Vote This Week Could Exempt Manufactured-Homeowners
from Protections that Apply to Other Mortgage Borrowers
The U.S. Senate is poised to pass legislation that will harm some of the most vulnerable of Florida’s homebuyer population by exempting employees of manufactured housing retailers from having to comply with consumer protection laws for home loans.
The Economic Growth, Regulatory Relief and Consumer Protection Act (S. 2155), expected to come up for a vote in the U.S. Senate this week, contains a harmful provision – Section 107, “Protecting Access to Manufactured Homes” — that jeopardizes the financial security of manufactured homeowners, who are often low-income, elderly, and people with disabilities. More than 800,000 Florida families, more than in any other state, and approximately 18 million people nationwide, live in manufactured homes. These residents live in the most persistently poor communities in the country, where manufactured homes provide the main source of affordable housing. The bill is touted as help for small banks, but it promotes abuses by large corporations that own both manufactured housing dealers and lenders.
“In the name of promoting ‘economic growth,’ this bill would undo important steps taken by the Consumer Financial Protection Bureau to give manufactured homeowners the same basic loan safeguards as other homeowners,” said Alice Vickers, director of the Florida Alliance for Consumer Protection. “As a result, more Florida families will be pushed into dangerously expensive mortgages at double-digit interest rates.”
The manufactured housing market is dominated by a handful of national manufacturers and lenders and it is rife with conflicts of interest.
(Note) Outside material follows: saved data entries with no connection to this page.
lemma tail_certificate_sound:
  assumes "tail_certificate Cl W" "\<forall>g\<in>set Cl. eunit g"
    and "c \<in> set Rprime_model" "y \<in> set Cl" "x \<in> set Cl"
  shows "\<exists>V. hurwitz_step\<^sup>*\<^sup>* [mat_s, emat c, emat y] V \<and> last V = emat x"
proof -
  obtain Wc where "list_all2 (\<lambda>y Wy. list_all2 (\<lambda>x w. list_all (\<lambda>i. i < 2) w \<and>
      enorm (last (ehurwitz_word w [s_elt, c, y])) = x) Cl Wy) Cl Wc"
    using list_all2_ex[OF assms(1)[unfolded tail_certificate_def] assms(3)] by blast
  from list_all2_ex[OF this assms(4)] obtain Wy where "list_all2 (\<lambda>x w. list_all (\<lambda>i. i < 2) w \<and>
      enorm (last (ehurwitz_word w [s_elt, c, y])) = x) Cl Wy"
    by blast
  from list_all2_ex[OF this assms(5)] obtain w
    where w: "list_all (\<lambda>i. i < 2) w" "enorm (last (ehurwitz_word w [s_elt, c, y])) = x"
    by blast
  let ?U = "[s_elt, c, y]"
  have "\<forall>g\<in>set ?U. eunit g"
    using eunit_generators eunit_models assms(2-4) by (auto simp: Rprime_model_def)
  moreover have "\<forall>i\<in>set w. i + 1 < length ?U" using w(1) by (auto simp: list_all_iff)
  ultimately have "hurwitz_step\<^sup>*\<^sup>* (map emat ?U) (map emat (ehurwitz_word w ?U))"
    by (rule hurwitz_step_ehurwitz_word)
  then have steps: "hurwitz_step\<^sup>*\<^sup>* [mat_s, emat c, emat y] (map emat (ehurwitz_word w ?U))"
    by (simp add: mat_s_emat)
  have "length (map emat (ehurwitz_word w ?U)) = 3" using hurwitz_step_length[OF steps] by simp
  then have "ehurwitz_word w ?U \<noteq> []" by auto
  then have "last (map emat (ehurwitz_word w ?U)) = emat x" using w(2) emat_enorm by (metis last_map)
  with steps show ?thesis by blast
qed

lemma hurwitz_tail_from_s:
  assumes "C \<in> {R1, R1inv, S_cls}" "c \<in> Rprime" "y \<in> C" "x \<in> C"
  shows "\<exists>V. hurwitz_step\<^sup>*\<^sup>* [mat_s, c, y] V \<and> last V = x"
proof -
  obtain Cl W where cert: "tail_certificate Cl W" "\<forall>g\<in>set Cl. eunit g"
    and C: "\<And>M. M \<in> C \<Longrightarrow> \<exists>g\<in>set Cl. M = emat g"
  proof -
    consider "C = R1" | "C = R1inv" | "C = S_cls" using assms(1) by blast
    then show ?thesis
    proof cases
      case 1
      then show ?thesis using that[OF tail_certificate_tables(2) eunit_models(2)] R1_emat by blast
    next
      case 2
      then show ?thesis using that[OF tail_certificate_tables(3) eunit_models(3)] R1inv_emat by blast
    next
      case 3
      then show ?thesis using that[OF tail_certificate_tables(1) eunit_models(1)] S_cls_emat by blast
    qed
  qed
  obtain c' where "c' \<in> set Rprime_model" "c = emat c'" using Rprime_emat assms(2) by blast
  moreover obtain y' where "y' \<in> set Cl" "y = emat y'" using C assms(3) by blast
  moreover obtain x' where "x' \<in> set Cl" "x = emat x'" using C assms(4) by blast
  ultimately show ?thesis using tail_certificate_sound[OF cert] by blast
qed

lemma hurwitz_tail:
  assumes "C \<in> {R1, R1inv, S_cls}" "b \<in> S_cls" "c \<in> Rprime" "y \<in> C" "x \<in> C"
  shows "\<exists>V. hurwitz_step\<^sup>*\<^sup>* [b, c, y] V \<and> last V = x"
proof -
  obtain h where h: "h \<in> G7" "b = h ** mat_s ** matrix_inv h"
    using assms(2) unfolding S_cls_def conj_class7_def by blast
  have "invertible h" using invertible_G7 h(1) by blast
  define push where "push m = matrix_inv (matrix_inv h) ** m ** matrix_inv h" for m
  define pull where "pull m = matrix_inv h ** m ** h" for m
  have push_pull: "push (pull m) = m" for m
    using \<open>invertible h\<close> unfolding push_def pull_def by (rule conj_conj_inverse)
  have pulled: "pull c \<in> Rprime" "pull y \<in> C" "pull x \<in> C"
    using assms(1,3-5) conj_closed_classes h(1) unfolding pull_def conj_closed_def by blast+
  then obtain V where V: "hurwitz_step\<^sup>*\<^sup>* [mat_s, pull c, pull y] V" "last V = pull x"
    using hurwitz_tail_from_s[OF assms(1)] by blast
  have "set [mat_s, pull c, pull y] \<subseteq> gen_group {mat_s, mat_t, mat_u}"
    using pulled classes_subset_G7 assms(1) mat_s_in_G7 unfolding G7_def by auto
  then have "hurwitz_step\<^sup>*\<^sup>* (map push [mat_s, pull c, pull y]) (map push V)"
    unfolding push_def
    using hurwitz_step_map_conj[OF V(1)] invertible_G7_generators invertible_matrix_inv \<open>invertible h\<close>
    by blast
  moreover have "map push [mat_s, pull c, pull y] = [b, c, y]"
    using h(2) push_pull \<open>invertible h\<close> by (simp add: push_def matrix_inv_matrix_inv)
  moreover have "V \<noteq> []" using hurwitz_step_length[OF V(1)] by auto
  then have "last (map push V) = x" using V(2) push_pull by (simp add: last_map)
  ultimately show ?thesis by metis
qed

section \<open>Choosing the entries\<close>

lemma pair_in_filter_mset:
  assumes "2 \<le> size (filter_mset P M)" "y \<in># M" "P y"
  shows "\<exists>c. P c \<and> {#y, c#} \<subseteq># filter_mset P M"
proof -
  have y: "y \<in># filter_mset P M" using assms(2,3) by simp
  then have "size (filter_mset P M - {#y#}) \<ge> 1" using assms(1) by (simp add: size_Diff_singleton)
  then have "filter_mset P M - {#y#} \<noteq> {#}" by auto
  then obtain c where c: "c \<in># filter_mset P M - {#y#}" by blast
  then have "{#y, c#} \<subseteq># filter_mset P M"
    using y by (metis insert_DiffM mset_subset_eq_add_mset_cancel single_subset_iff)
  moreover have "P c" using c by (auto dest: in_diffD)
  ultimately show ?thesis by blast
qed
(* Let $n\ge 4$, let $K'\subseteq[k]$ with $|K'|\ge n$, let $\pi$ assign to each $n$-element subset $S\subseteq[k]$ a string $\pi(S)$ of length $n$ that is an ordering of $S$, and suppose every $(n-1)$-element subset $R\subseteq K'$ is semi-frozen, with a fixed choice of semi-freezing function $h_R$ and wildcard index $w_R$. Then for every $Q\subseteq K'$ with $|Q|=n-2$ there exists $T_Q\subseteq Q$ with $|T_Q|=n-4$ such that $h_R(t)=h_{R'}(t)$ for all $t\in T_Q$ and all $(n-1)$-element sets $R,R'\subseteq K'$ containing $Q$.
   Context: $[k]=\{1,\dots,k\}$; $\pi(S)[i]$ is the letter at position $i\in[n]$ of $\pi(S)$. For a set $R\subseteq[k]$, $\mathcal U_R$ is the set of all sets $S\subseteq[k]$ with $R\subset S$ and $|S|=|R|+1$. A set $R$ with $|R|=n-1$ is semi-frozen with semi-freezing function $h_R$ and wildcard index $w_R$ if $h_R:R\to[n]$ is one-to-one, $w_R$ is the unique index of $[n]$ not in the image of $h_R$, and for every $r\in R$ and every $S\in\mathcal U_R$, either $\pi(S)[h_R(r)]=r$ or $\pi(S)[w_R]=r$. *)

theory Defs
  imports Main
begin

text \<open>Strings are lists; positions are 1-indexed: pi(S)[i] = (pi S) ! (i - 1).\<close>

definition letter_at :: "nat list \<Rightarrow> nat \<Rightarrow> nat" where
  "letter_at s i = s ! (i - 1)"

definition valid_pi :: "nat \<Rightarrow> nat \<Rightarrow> (nat set \<Rightarrow> nat list) \<Rightarrow> bool" where
  "valid_pi k n pi \<longleftrightarrow>
     (\<forall>S. S \<subseteq> {1..k} \<and> card S = n \<longrightarrow>
        length (pi S) = n \<and> distinct (pi S) \<and> set (pi S) = S)"

definition U_set :: "nat \<Rightarrow> nat set \<Rightarrow> nat set set" where
  "U_set k R = {S. S \<subseteq> {1..k} \<and> R \<subset> S \<and> card S = card R + 1}"

definition semi_frozen ::
  "nat \<Rightarrow> nat \<Rightarrow> (nat set \<Rightarrow> nat list) \<Rightarrow> nat set \<Rightarrow> (nat \<Rightarrow> nat) \<Rightarrow> nat \<Rightarrow> bool" where
  "semi_frozen k n pi R h w \<longleftrightarrow>
     card R = n - 1 \<and>
     inj_on h R \<and> h ` R \<subseteq> {1..n} \<and>
     {1..n} - h ` R = {w} \<and>
     (\<forall>r\<in>R. \<forall>S\<in>U_set k R.
        letter_at (pi S) (h r) = r \<or> letter_at (pi S) w = r)"

end

theory Submission
  imports Defs "HOL-Library.Disjoint_Sets"
begin

text \<open>Fix Q and let R, R' range over the (n-1)-subsets of K' containing Q. For R \<noteq> R' the set
  S = R \<union> R' lies in both U_R and U_R'; reading pi(S) at a position h_R(t) = h_R'(s) with
  s \<noteq> t in Q gives a contradiction, because every element of R can only sit at its own
  h_R-position or at the wildcard, and likewise for R'. Hence the value sets
  V t = {h_R(t) | R} (t \<in> Q) are pairwise disjoint nonempty subsets of [n]. As |Q| = n - 2, at most
  two of them have more than one element, and the remaining n - 4 elements of Q form T.\<close>

lemma letter_at_in_set:
  assumes "length p = n" "i \<in> {1..n}"
  shows "letter_at p i \<in> set p"
  using assms by (auto simp: letter_at_def intro!: nth_mem)

lemma inj_on_letter_at:
  assumes "length p = n" "distinct p"
  shows "inj_on (letter_at p) {1..n}"
proof (rule inj_onI)
  fix i j assume ij: "i \<in> {1..n}" "j \<in> {1..n}" "letter_at p i = letter_at p j"
  then have "i - 1 = j - 1"
    using assms nth_eq_iff_index_eq by (fastforce simp: letter_at_def)
  then show "i = j" using ij(1,2) by auto
qed

lemma semi_freezing_collision_impossible:
  assumes p: "length p = n" "distinct p" "set p \<subseteq> R \<union> R'"
    and h: "inj_on h R" "h ` R \<subseteq> {1..n}" "\<forall>r\<in>R. letter_at p (h r) = r \<or> letter_at p w = r"
    and h': "inj_on h' R'" "h' ` R' \<subseteq> {1..n}" "\<forall>r\<in>R'. letter_at p (h' r) = r \<or> letter_at p w' = r"
    and st: "s \<in> R \<inter> R'" "t \<in> R \<inter> R'" "s \<noteq> t"
  shows "h t \<noteq> h' s"
proof
  assume eq: "h t = h' s"
  define L where "L = letter_at p"
  define v where "v = h t"
  have v: "v \<in> {1..n}" using h(2) st(2) v_def by auto
  have L_inj: "x = v" if "x \<in> {1..n}" "L x = L v" for x
    using inj_on_letter_at[OF p(1,2)] that v unfolding L_def by (meson inj_on_def)
  have h_v: "r = t" if "r \<in> R" "L (h r) = L v" for r
  proof -
    have "h r = h t" using L_inj[of "h r"] that h(2) v_def by auto
    then show ?thesis using inj_onD[OF h(1)] that(1) st(2) by blast
  qed
  have h'_v: "r = s" if "r \<in> R'" "L (h' r) = L v" for r
  proof -
    have "h' r = h' s" using L_inj[of "h' r"] that h'(2) eq v_def by auto
    then show ?thesis using inj_onD[OF h'(1)] that(1) st(1) by blast
  qed
  consider "L v = t" | "L v = s" | "L v \<noteq> t" "L v \<noteq> s" by blast
  then show False
  proof cases
    case 1
    \<comment> \<open>position v = h' s holds t, so s must sit at the wildcard of R'\<close>
    then have "L w' = s" using h'(3) st(1,3) eq v_def L_def by force
    then have "L (h' t) = t" using h'(3) st L_def by force
    then show False using h'_v st 1 by auto
  next
    case 2
    then have "L w = t" using h(3) st(2,3) v_def L_def by force
    then have "L (h s) = s" using h(3) st L_def by force
    then show False using h_v st 2 by auto
  next
    case 3
    then have ws: "L w = t" "L w' = s"
      using h(3) h'(3) st eq v_def L_def by force+
    have "L v \<in> R \<union> R'" using letter_at_in_set[OF p(1) v] p(3) L_def by auto
    then show False
    proof
      assume r: "L v \<in> R"
      then have "L (h (L v)) = L v" using h(3) ws(1) 3 L_def by force
      then show False using h_v[OF r] 3 by blast
    next
      assume r: "L v \<in> R'"
      then have "L (h' (L v)) = L v" using h'(3) ws(2) 3 L_def by force
      then show False using h'_v[OF r] 3 by blast
    qed
  qed
qed

lemma semi_frozen_collision_impossible:
  assumes pi: "valid_pi k n pi"
    and sf: "semi_frozen k n pi R h w" "semi_frozen k n pi R' h' w'"
    and S: "S \<in> U_set k R" "S \<in> U_set k R'" "S \<subseteq> R \<union> R'"
    and st: "s \<in> R \<inter> R'" "t \<in> R \<inter> R'" "s \<noteq> t"
  shows "h t \<noteq> h' s"
proof -
  have "finite S" using S(1) by (auto simp: U_set_def intro: card_ge_0_finite)
  then have "finite R" using S(1) by (auto simp: U_set_def intro: finite_subset)
  then have "card R \<ge> 1" using st(1) by (auto simp: Suc_le_eq card_gt_0_iff)
  then have "card S = n" using S(1) sf(1) by (simp add: U_set_def semi_frozen_def)
  moreover have "S \<subseteq> {1..k}" using S(1) by (simp add: U_set_def)
  ultimately have "length (pi S) = n" "distinct (pi S)" "set (pi S) = S"
    using pi by (auto simp: valid_pi_def)
  then show ?thesis
    using semi_freezing_collision_impossible[of "pi S" n R R' h w h' w' s t] sf S st
    by (auto simp: semi_frozen_def U_set_def)
qed

lemma union_in_U_set:
  assumes "R \<union> R' \<subseteq> {1..k}" "finite R'" "Q \<subseteq> R" "Q \<subseteq> R'"
    and "card R = card Q + 1" "card R' = card Q + 1" "R \<noteq> R'"
  shows "R \<union> R' \<in> U_set k R"
proof -
  have "finite Q" using assms(2,4) finite_subset by blast
  then have "card (R' - Q) = 1" using assms(4,6) by (simp add: card_Diff_subset)
  then obtain b where b: "R' - Q = {b}" by (meson card_1_singletonE)
  then have R': "R' = insert b Q" using assms(4) by auto
  have "finite R" using assms(5) card.infinite by fastforce
  have "b \<notin> R"
  proof
    assume "b \<in> R"
    then have "R' \<subseteq> R" using R' assms(3) by auto
    then show False using card_subset_eq[OF \<open>finite R\<close>] assms(5-7) by metis
  qed
  moreover have "R \<union> R' = insert b R" using R' assms(3) by auto
  ultimately show ?thesis
    using assms(1) \<open>finite R\<close> by (auto simp: U_set_def)
qed

lemma card_add_card_multivalued_le:
  fixes V :: "'a \<Rightarrow> 'b set"
  assumes "finite Q" "finite A"
    and sub: "\<And>t. t \<in> Q \<Longrightarrow> V t \<subseteq> A" and ne: "\<And>t. t \<in> Q \<Longrightarrow> V t \<noteq> {}"
    and disj: "disjoint_family_on V Q"
  shows "card Q + card {t\<in>Q. 2 \<le> card (V t)} \<le> card A"
proof -
  have fin: "\<And>t. t \<in> Q \<Longrightarrow> finite (V t)" using sub assms(2) finite_subset by blast
  have "card Q + card {t\<in>Q. 2 \<le> card (V t)} = (\<Sum>t\<in>Q. 1 + of_bool (2 \<le> card (V t)))"
    using assms(1) unfolding sum.distrib by (simp add: Int_def)
  also have "\<dots> \<le> (\<Sum>t\<in>Q. card (V t))"
    using fin ne by (intro sum_mono) (auto simp: Suc_le_eq card_gt_0_iff)
  also have "\<dots> = card (\<Union>t\<in>Q. V t)"
    using card_UN_disjoint'[OF disj fin assms(1)] by simp
  also have "\<dots> \<le> card A"
    using sub assms(2) by (intro card_mono) auto
  finally show ?thesis .
qed

lemma obtain_subset_card_one_valued:
  fixes V :: "'a \<Rightarrow> 'b set"
  assumes "finite Q" "finite A"
    and sub: "\<And>t. t \<in> Q \<Longrightarrow> V t \<subseteq> A" and ne: "\<And>t. t \<in> Q \<Longrightarrow> V t \<noteq> {}"
    and disj: "disjoint_family_on V Q"
    and m: "m + card A \<le> 2 * card Q"
  obtains T where "T \<subseteq> Q" "card T = m" "\<And>t. t \<in> T \<Longrightarrow> card (V t) = 1"
proof -
  define B where "B = {t\<in>Q. 2 \<le> card (V t)}"
  have "card Q + card B \<le> card A"
    unfolding B_def by (rule card_add_card_multivalued_le[OF assms(1-5)])
  moreover have "card B \<le> card Q" "card (Q - B) = card Q - card B"
    using assms(1) by (auto simp: B_def card_Diff_subset intro: card_mono)
  ultimately have "m \<le> card (Q - B)" using m by linarith
  then obtain T where T: "T \<subseteq> Q - B" "card T = m" by (meson obtain_subset_with_card_n)
  have "card (V t) = 1" if "t \<in> Q - B" for t
  proof -
    have "finite (V t)" using finite_subset[OF sub assms(2)] that by blast
    then have "0 < card (V t)" using ne that by (simp add: card_gt_0_iff)
    moreover have "card (V t) < 2" using that unfolding B_def by auto
    ultimately show ?thesis by linarith
  qed
  then show thesis using that T by blast
qed

lemma semi_freezing_eq_imp_eq:
  assumes "K' \<subseteq> {1..k}" "finite K'" "valid_pi k n pi"
    and sf: "\<forall>R. R \<subseteq> K' \<and> card R = n - 1 \<longrightarrow> semi_frozen k n pi R (h R) (w R)"
    and Q: "card Q = n - 2" "n \<ge> 2"
    and R: "R \<subseteq> K'" "card R = n - 1" "Q \<subseteq> R"
    and R': "R' \<subseteq> K'" "card R' = n - 1" "Q \<subseteq> R'"
    and st: "s \<in> Q" "t \<in> Q" "h R t = h R' s"
  shows "t = s"
proof (cases "R = R'")
  case True
  have "inj_on (h R) R" using sf R by (simp add: semi_frozen_def)
  then show ?thesis
    by (rule inj_onD) (use True R(3) st in auto)
next
  case False
  have "finite R" "finite R'" using finite_subset R(1) R'(1) assms(2) by blast+
  have cards: "card R = card Q + 1" "card R' = card Q + 1" using Q R(2) R'(2) by auto
  have "R \<union> R' \<subseteq> {1..k}" using R(1) R'(1) assms(1) by auto
  then have U: "R \<union> R' \<in> U_set k R" "R' \<union> R \<in> U_set k R'"
    using union_in_U_set[OF _ \<open>finite R'\<close> R(3) R'(3) cards False]
      union_in_U_set[OF _ \<open>finite R\<close> R'(3) R(3) cards(2,1) not_sym[OF False]]
    by (simp_all add: Un_commute)
  have sf_RR': "semi_frozen k n pi R (h R) (w R)" "semi_frozen k n pi R' (h R') (w R')"
    using sf R R' by blast+
  show ?thesis
  proof (rule ccontr)
    assume "t \<noteq> s"
    then have "h R t \<noteq> h R' s"
      using semi_frozen_collision_impossible[OF assms(3) sf_RR' U(1)] U(2) R(3) R'(3) st(1,2)
      by (simp add: Un_commute subset_iff)
    then show False using st(3) by blast
  qed
qed

lemma semi_freezing_values_subset:
  assumes "\<forall>R. R \<subseteq> K' \<and> card R = n - 1 \<longrightarrow> semi_frozen k n pi R (h R) (w R)" "t \<in> Q"
  shows "(\<lambda>R. h R t) ` {R. R \<subseteq> K' \<and> card R = n - 1 \<and> Q \<subseteq> R} \<subseteq> {1..n}"
proof
  fix x assume "x \<in> (\<lambda>R. h R t) ` {R. R \<subseteq> K' \<and> card R = n - 1 \<and> Q \<subseteq> R}"
  then obtain R where R: "R \<subseteq> K'" "card R = n - 1" "Q \<subseteq> R" "x = h R t" by blast
  then have "h R ` R \<subseteq> {1..n}" using assms(1) by (simp add: semi_frozen_def)
  then show "x \<in> {1..n}" using R(3,4) assms(2) by blast
qed

lemma semi_freezing_values_disjoint:
  assumes "K' \<subseteq> {1..k}" "finite K'" "valid_pi k n pi"
    and "\<forall>R. R \<subseteq> K' \<and> card R = n - 1 \<longrightarrow> semi_frozen k n pi R (h R) (w R)"
    and "card Q = n - 2" "n \<ge> 2"
  shows "disjoint_family_on (\<lambda>t. (\<lambda>R. h R t) ` {R. R \<subseteq> K' \<and> card R = n - 1 \<and> Q \<subseteq> R}) Q"
  unfolding disjoint_family_on_def
proof (intro ballI impI)
  fix s t assume st: "s \<in> Q" "t \<in> Q" "s \<noteq> t"
  have "h R s \<noteq> h R' t" if "R \<subseteq> K' \<and> card R = n - 1 \<and> Q \<subseteq> R"
    and "R' \<subseteq> K' \<and> card R' = n - 1 \<and> Q \<subseteq> R'" for R R'
    using semi_freezing_eq_imp_eq[OF assms, where s=t and t=s] that st by blast
  then show "(\<lambda>R. h R s) ` {R. R \<subseteq> K' \<and> card R = n - 1 \<and> Q \<subseteq> R} \<inter>
      (\<lambda>R. h R t) ` {R. R \<subseteq> K' \<and> card R = n - 1 \<and> Q \<subseteq> R} = {}"
    by blast
qed

theorem lemma3p9:
  fixes k n :: nat and K' :: "nat set" and pi :: "nat set \<Rightarrow> nat list"
    and h :: "nat set \<Rightarrow> nat \<Rightarrow> nat" and w :: "nat set \<Rightarrow> nat"
  assumes "n \<ge> 4"
    and "K' \<subseteq> {1..k}" and "card K' \<ge> n"
    and "valid_pi k n pi"
    and "\<forall>R. R \<subseteq> K' \<and> card R = n - 1 \<longrightarrow> semi_frozen k n pi R (h R) (w R)"
  shows "\<forall>Q. Q \<subseteq> K' \<and> card Q = n - 2 \<longrightarrow>
           (\<exists>T. T \<subseteq> Q \<and> card T = n - 4 \<and>
              (\<forall>t\<in>T. \<forall>R R'. R \<subseteq> K' \<and> card R = n - 1 \<and> Q \<subseteq> R \<and>
                              R' \<subseteq> K' \<and> card R' = n - 1 \<and> Q \<subseteq> R'
                              \<longrightarrow> h R t = h R' t))"
proof (intro allI impI)
  fix Q assume Q: "Q \<subseteq> K' \<and> card Q = n - 2"
  define Rs where "Rs = {R. R \<subseteq> K' \<and> card R = n - 1 \<and> Q \<subseteq> R}"
  define V where "V t = (\<lambda>R. h R t) ` Rs" for t
  have "finite K'" using assms(1,3) card.infinite by fastforce
  then have "finite Q" using Q finite_subset by blast
  have V_sub: "V t \<subseteq> {1..n}" if "t \<in> Q" for t
    unfolding V_def Rs_def using semi_freezing_values_subset[OF assms(5) that] .
  have "\<not> K' \<subseteq> Q" using Q assms(1,3) card_mono[OF \<open>finite Q\<close>, of K'] by linarith
  then obtain a where "a \<in> K' - Q" by blast
  then have "insert a Q \<in> Rs" using Q assms(1) \<open>finite Q\<close> by (auto simp: Rs_def)
  then have V_ne: "V t \<noteq> {}" for t by (auto simp: V_def)
  have disj: "disjoint_family_on V Q"
    unfolding V_def Rs_def
    by (rule semi_freezing_values_disjoint[OF assms(2) \<open>finite K'\<close> assms(4,5)]) (use Q assms(1) in auto)
  have "n - 4 + card {1..n} \<le> 2 * card Q" using Q assms(1) by simp
  then obtain T where T: "T \<subseteq> Q" "card T = n - 4" "\<And>t. t \<in> T \<Longrightarrow> card (V t) = 1"
    using obtain_subset_card_one_valued[of Q "{1..n}" V "n - 4"] \<open>finite Q\<close> V_sub V_ne disj
    by blast
  have "h R t = h R' t" if t: "t \<in> T" and RR': "R \<in> Rs" "R' \<in> Rs" for t R R'
  proof -
    obtain x where "V t = {x}" using T(3)[OF t] by (rule card_1_singletonE)
    moreover have "h R t \<in> V t" "h R' t \<in> V t" using RR' by (simp_all add: V_def)
    ultimately show ?thesis by simp
  qed
  then show "\<exists>T. T \<subseteq> Q \<and> card T = n - 4 \<and>
              (\<forall>t\<in>T. \<forall>R R'. R \<subseteq> K' \<and> card R = n - 1 \<and> Q \<subseteq> R \<and>
                              R' \<subseteq> K' \<and> card R' = n - 1 \<and> Q \<subseteq> R'
                              \<longrightarrow> h R t = h R' t)"
    using T(1,2) by (intro exI[of _ T]) (auto simp: Rs_def)
qed

end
It is common for lenders and sellers of manufactured homes to be owned by the same entity or closely affiliated with one another. This creates an incentive for sellers to promote affiliated high-cost loan products rather than marketing a competitor’s more affordable product.
For example, two of the biggest lenders, 21st Mortgage and Vanderbilt, are tied to Berkshire Hathaway, which owns Clayton Homes, the nation’s largest manufactured-home builder and retailer. Such hidden connections encourage sellers to steer buyers toward high-cost loan products from allied companies–and away from more affordable loans offered by competitors. Affiliations like these have led to reports of systematic predatory loan steering throughout the industry.
“This bill will help manufactured home sellers to steer people away from affordable loans and into expensive ones,” said Alys Cohen, staff attorney at the National Consumer Law Center’s Washington office.
The bill would perpetuate the conflicts of interest and steering of consumers to more expensive loans that plague this industry and allow lenders to pass additional costs on to homebuyers. Section 107 would also discourage new lenders from entering the market and undo important steps taken by the Consumer Financial Protection Bureau to give manufactured homeowners the same basic loan protections as other homeowners. This bill would allow sellers of manufactured homes to steer buyers to overpriced loans with onerous terms. While homeowners also would receive other referrals and written disclosures about corporate relationships, those measures can be sidelined by savvy marketing.
“If passed, this bill will do a terrible disservice to the low-and- moderate-income and elderly Americans and people with disabilities who make up a disproportionate share of the manufactured-home population. It would make homeownership more costly for those who can least afford it,” added Cohen.
“Senators Nelson and Rubio should reject this bill and continue to work to find better solutions to address affordability and competition in the manufactured housing market,” said Vickers.